HTS Bioinf - Training for running pipeline

Scope

This procedure lists what a bioinformatician must do before being allowed to run and monitor pipeline analyses on patient samples.


  1. Read GATK best practice https://gatk.broadinstitute.org/hc/en-us/articles/360035535932-Germline-short-variant-discovery-SNPs-Indels -- use the latest version that fits with the pipeline -- as background material for an overall understanding of the different pipeline steps.

  2. Read the TSD help pages to learn how to login, where to find what files, etc., should this be unfamiliar.

  3. Read through the pipeline scripts and the automation system code. Get a tour by a trained bioinformatician who knows this well.

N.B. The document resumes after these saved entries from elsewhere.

(* Let $n\ge1$, let $A_0,A_1\subseteq2^{<\omega}$, and let $C$ be $n$-fair for $A_0,A_1$. Let $(F,X)$ be a Mathias condition with $X$ $C$-computable. Let $m\ge1$, let $\varphi(G,U)$ be an $m$-by-$2^nm$ formula which is $\Sigma^0_1$ relative to $C$ and has an additional set parameter $G$, and let $M$ be an $m$-by-$2^nm$ disjoint matrix. Then there is a Mathias condition $(E,Y)$ extending $(F,X)$, with $Y$ $C$-computable, such that at least one of the following holds: (a) for every set $G$ satisfying $(E,Y)$, the formula $\varphi(G,U)$ is not essential in $M$; (b) $\varphi(E,V)$ holds for some $M$-valuation $V$ diagonalizing against $A_0,A_1$.
   Context: Mathias conditions. A Mathias condition is a pair $(F,X)$ with $F$ finite, $X$ infinite, and $\max F<\min X$. A condition $(E,Y)$ extends $(F,X)$ if $F\subseteq E$, $Y\subseteq X$, and $E\setminus F\subseteq X$. A set $G$ satisfies $(F,X)$ if $F\subseteq G$ and $G\setminus F\subseteq X$. Strings are finite binary strings, and $\preceq$ is the prefix relation. Two strings are incomparable if neither is a prefix of the other. Matrices. An $m$-by-$n$ matrix $M$ is an array of strings $\sigma_{i,j}$ ($i<m$, $j<n$), with rows $M(i)=(\sigma_{i,0},\dots,\sigma_{i,n-1})$. It is disjoint if each row consists of pairwise incomparable strings. Formulas. An $m$-by-$n$ formula is a formula with distinguished finite-set variables $U_{i,j}$. It is $\Sigma^{0,X}_1$ if it is $\Sigma^0_1$ relative to $X$. Valuations. An $M$-valuation is a tuple $V=(B_{i,j})$ of finite sets $B_{i,j}\subseteq\{\tau:\tau\succeq\sigma_{i,j}\}$. We write $\varphi(V)$ for $\varphi$ evaluated at $U_{i,j}:=B_{i,j}$, and $V(i)=(B_{i,0},\dots,B_{i,n-1})$. We write $V>s$ if all strings occurring in $V$ have length $>s$. Essential. $\varphi$ is essential in $M$ if for every $s$ there is an $M$-valuation $V>s$ with $\varphi(V)$. Diagonalization. An $M$-valuation $V$ diagonalizes against $A_0,A_1$ if for every $i<m$ there are components $L,R$ of $V(i)$ with $L\subseteq A_0$ and $R\subseteq A_1$. Fairness. For $n\ge1$, a set $X$ is $n$-fair for $A_0,A_1$ if the following holds: for every $m$, every $\Sigma^{0,X}_1$ $m$-by-$2^nm$ formula $\varphi$, and every $m$-by-$2^nm$ disjoint matrix $M$ in which $\varphi$ is essential, there is an $M$-valuation $V$ diagonalizing against $A_0,A_1$ with $\varphi(V)$. *)

theory Defs
  imports Main "HOL-Library.Nat_Bijection" "HOL-Library.Sublist"
begin

datatype recf =
    Zero
  | Succ
  | Proj nat
  | Orc
  | Comp recf "recf list"
  | Prim recf recf
  | Mn recf

definition arg :: "nat \<Rightarrow> nat list \<Rightarrow> nat" where
  "arg i xs = (if i < length xs then xs ! i else 0)"

inductive eval :: "nat set \<Rightarrow> recf \<Rightarrow> nat list \<Rightarrow> nat \<Rightarrow> bool" for Or :: "nat set" where
  eval_Zero: "eval Or Zero xs 0"
| eval_Succ: "eval Or Succ xs (Suc (arg 0 xs))"
| eval_Proj: "eval Or (Proj i) xs (arg i xs)"
| eval_Orc: "eval Or Orc xs (if arg 0 xs \<in> Or then 1 else 0)"
| eval_Comp: "\<lbrakk> length ys = length gs; \<forall>k < length gs. eval Or (gs ! k) xs (ys ! k);
                eval Or f ys z \<rbrakk> \<Longrightarrow> eval Or (Comp f gs) xs z"
| eval_Prim0: "eval Or f xs y \<Longrightarrow> eval Or (Prim f g) (0 # xs) y"
| eval_PrimS: "\<lbrakk> eval Or (Prim f g) (k # xs) y; eval Or g (k # y # xs) z \<rbrakk>
                \<Longrightarrow> eval Or (Prim f g) (Suc k # xs) z"
| eval_Mn: "\<lbrakk> eval Or f (k # xs) 0; \<forall>j < k. \<exists>y. eval Or f (j # xs) (Suc y) \<rbrakk>
                \<Longrightarrow> eval Or (Mn f) xs k"

definition join :: "nat set \<Rightarrow> nat set \<Rightarrow> nat set" where
  "join A B = {2 * x | x. x \<in> A} \<union> {2 * x + 1 | x. x \<in> B}"

definition computable_in :: "nat set \<Rightarrow> nat set \<Rightarrow> bool" where
  "computable_in X C \<longleftrightarrow> (\<exists>f. \<forall>x. eval C f [x] (if x \<in> X then 1 else 0))"

type_synonym str = "bool list"

definition incomparable :: "str \<Rightarrow> str \<Rightarrow> bool" where
  "incomparable s t \<longleftrightarrow> \<not> prefix s t \<and> \<not> prefix t s"

text \<open>An m-by-n matrix is M :: nat => nat => str, with entries M i j for i<m, j<n.\<close>
type_synonym matrix = "nat \<Rightarrow> nat \<Rightarrow> str"
type_synonym valuation = "nat \<Rightarrow> nat \<Rightarrow> str set"

definition disjoint_matrix :: "nat \<Rightarrow> nat \<Rightarrow> matrix \<Rightarrow> bool" where
  "disjoint_matrix m n M \<longleftrightarrow>
     (\<forall>i<m. \<forall>j<n. \<forall>k<n. j \<noteq> k \<longrightarrow> incomparable (M i j) (M i k))"

definition is_valuation :: "nat \<Rightarrow> nat \<Rightarrow> matrix \<Rightarrow> valuation \<Rightarrow> bool" where
  "is_valuation m n M V \<longleftrightarrow>
     (\<forall>i<m. \<forall>j<n. finite (V i j) \<and> V i j \<subseteq> {t. prefix (M i j) t})"

definition valuation_gt :: "nat \<Rightarrow> nat \<Rightarrow> valuation \<Rightarrow> nat \<Rightarrow> bool" where
  "valuation_gt m n V s \<longleftrightarrow> (\<forall>i<m. \<forall>j<n. \<forall>t \<in> V i j. length t > s)"

definition essential :: "nat \<Rightarrow> nat \<Rightarrow> matrix \<Rightarrow> (valuation \<Rightarrow> bool) \<Rightarrow> bool" where
  "essential m n M \<phi> \<longleftrightarrow>
     (\<forall>s. \<exists>V. is_valuation m n M V \<and> valuation_gt m n V s \<and> \<phi> V)"

definition diagonalizes :: "nat \<Rightarrow> nat \<Rightarrow> valuation \<Rightarrow> str set \<Rightarrow> str set \<Rightarrow> bool" where
  "diagonalizes m n V A0 A1 \<longleftrightarrow>
     (\<forall>i<m. \<exists>L<n. \<exists>R<n. V i L \<subseteq> A0 \<and> V i R \<subseteq> A1)"

definition code_str :: "str \<Rightarrow> nat" where
  "code_str t = list_encode (map (\<lambda>b. if b then 1 else 0) t)"

definition code_val :: "nat \<Rightarrow> nat \<Rightarrow> valuation \<Rightarrow> nat" where
  "code_val m n V =
     list_encode (map (\<lambda>i. list_encode (map (\<lambda>j. set_encode (code_str ` V i j)) [0..<n])) [0..<m])"

definition finite_entries :: "nat \<Rightarrow> nat \<Rightarrow> valuation \<Rightarrow> bool" where
  "finite_entries m n V \<longleftrightarrow> (\<forall>i<m. \<forall>j<n. finite (V i j))"

text \<open>An m-by-n formula (in the finite-set variables U_ij) that is Sigma^0_1 relative to Or:
  on (canonically coded) assignments of finite sets to the U_ij it is given by an
  Or-computably enumerable relation.\<close>
definition sigma1_formula :: "nat set \<Rightarrow> nat \<Rightarrow> nat \<Rightarrow> (valuation \<Rightarrow> bool) \<Rightarrow> bool" where
  "sigma1_formula Or m n \<phi> \<longleftrightarrow>
     (\<exists>f. \<forall>V. finite_entries m n V \<longrightarrow> (\<phi> V \<longleftrightarrow> (\<exists>y. eval Or f [code_val m n V] y)))"

text \<open>Same, with an additional set parameter G (Sigma^0_1 relative to Or, uniformly in G,
  i.e. enumerated by a single oracle program with oracle Or joined with G).\<close>
definition sigma1_formula_param ::
  "nat set \<Rightarrow> nat \<Rightarrow> nat \<Rightarrow> (nat set \<Rightarrow> valuation \<Rightarrow> bool) \<Rightarrow> bool" where
  "sigma1_formula_param Or m n \<phi> \<longleftrightarrow>
     (\<exists>f. \<forall>G V. finite_entries m n V \<longrightarrow>
        (\<phi> G V \<longleftrightarrow> (\<exists>y. eval (join Or G) f [code_val m n V] y)))"

definition fair :: "nat \<Rightarrow> nat set \<Rightarrow> str set \<Rightarrow> str set \<Rightarrow> bool" where
  "fair n X A0 A1 \<longleftrightarrow>
     (\<forall>m (\<phi> :: valuation \<Rightarrow> bool) M.
        sigma1_formula X m (2 ^ n * m) \<phi> \<longrightarrow> disjoint_matrix m (2 ^ n * m) M \<longrightarrow>
        essential m (2 ^ n * m) M \<phi> \<longrightarrow>
        (\<exists>V. is_valuation m (2 ^ n * m) M V \<and> diagonalizes m (2 ^ n * m) V A0 A1 \<and> \<phi> V))"

definition mathias :: "nat set \<Rightarrow> nat set \<Rightarrow> bool" where
  "mathias F X \<longleftrightarrow> finite F \<and> infinite X \<and> (\<forall>a\<in>F. \<forall>b\<in>X. a < b)"

definition mathias_ext :: "nat set \<Rightarrow> nat set \<Rightarrow> nat set \<Rightarrow> nat set \<Rightarrow> bool" where
  "mathias_ext E Y F X \<longleftrightarrow> F \<subseteq> E \<and> Y \<subseteq> X \<and> E - F \<subseteq> X"

definition satisfies :: "nat set \<Rightarrow> nat set \<Rightarrow> nat set \<Rightarrow> bool" where
  "satisfies G F X \<longleftrightarrow> F \<subseteq> G \<and> G - F \<subseteq> X"

end

theory Submission
  imports Defs
begin

text \<open>Replace \<open>\<phi>\<close> by \<open>\<psi>(V) :\<equiv> \<exists>E. \<phi>(E, V)\<close>, where \<open>E\<close> ranges over the finite sets
  \<open>F \<union> D\<close> with \<open>D \<subseteq> X\<close> finite. Since \<open>X\<close> is \<open>C\<close>-computable and halting with oracle
  \<open>C \<oplus> E\<close> can be searched for uniformly in a code of \<open>E\<close>, \<open>\<psi>\<close> is again \<open>\<Sigma>\<^sup>0\<^sub>1\<close> relative
  to \<open>C\<close>. If \<open>\<psi>\<close> is essential in \<open>M\<close>, fairness of \<open>C\<close> yields a diagonalizing \<open>V\<close> with
  \<open>\<phi>(E, V)\<close> for one such \<open>E\<close>, and \<open>(E, {x \<in> X. x > max E})\<close> is the required extension.
  Otherwise some bound \<open>s\<close> witnesses that \<open>\<psi>\<close> is not essential; by the use principle any
  \<open>G\<close> satisfying \<open>(F, X)\<close> with \<open>\<phi>(G, V)\<close> already has \<open>\<phi>(E, V)\<close> for a finite part \<open>E\<close> of \<open>G\<close>,
  so \<open>\<phi>(G, -)\<close> is not essential either, and \<open>(F, X)\<close> itself is the required extension.\<close>

lemma arg_simps [simp]: "arg 0 (x # xs) = x" "arg (Suc i) (x # xs) = arg i xs" "arg i [] = 0"
  by (auto simp: arg_def)

lemma arg_numeral [simp]: "arg (numeral k) (x # xs) = arg (pred_numeral k) xs"
  by (simp add: numeral_eq_Suc)

lemma eval_ZeroI: "y = 0 \<Longrightarrow> eval Q Zero xs y"
  using eval_Zero by simp

lemma eval_SuccI: "y = Suc (arg 0 xs) \<Longrightarrow> eval Q Succ xs y"
  using eval_Succ by simp

lemma eval_ProjI: "y = arg i xs \<Longrightarrow> eval Q (Proj i) xs y"
  using eval_Proj by simp

lemma eval_OrcI: "y = (if arg 0 xs \<in> Q then 1 else 0) \<Longrightarrow> eval Q Orc xs y"
  using eval_Orc by simp

lemma eval_Comp_list_all2:
  assumes "list_all2 (\<lambda>g y. eval Q g xs y) gs ys" "eval Q f ys z"
  shows "eval Q (Comp f gs) xs z"
  using assms by (intro eval_Comp) (auto simp: list_all2_conv_all_nth)

lemma eval_Comp1: "eval Q g xs y \<Longrightarrow> eval Q f [y] z \<Longrightarrow> eval Q (Comp f [g]) xs z"
  by (rule eval_Comp_list_all2) auto

lemma eval_Comp2:
  "eval Q g1 xs y1 \<Longrightarrow> eval Q g2 xs y2 \<Longrightarrow> eval Q f [y1, y2] z \<Longrightarrow> eval Q (Comp f [g1, g2]) xs z"
  by (rule eval_Comp_list_all2) auto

  4. Read the pipeline specification for the pipelines that will be run in the analyses. Look inside the mentioned scripts to understand how they work, study the output files and make a mental note of how they should look like.

  5. Get a user account on TSD, NSC and Clarity (see procedure [HTS Bioinf - Infrastructure]) if you haven't got one already.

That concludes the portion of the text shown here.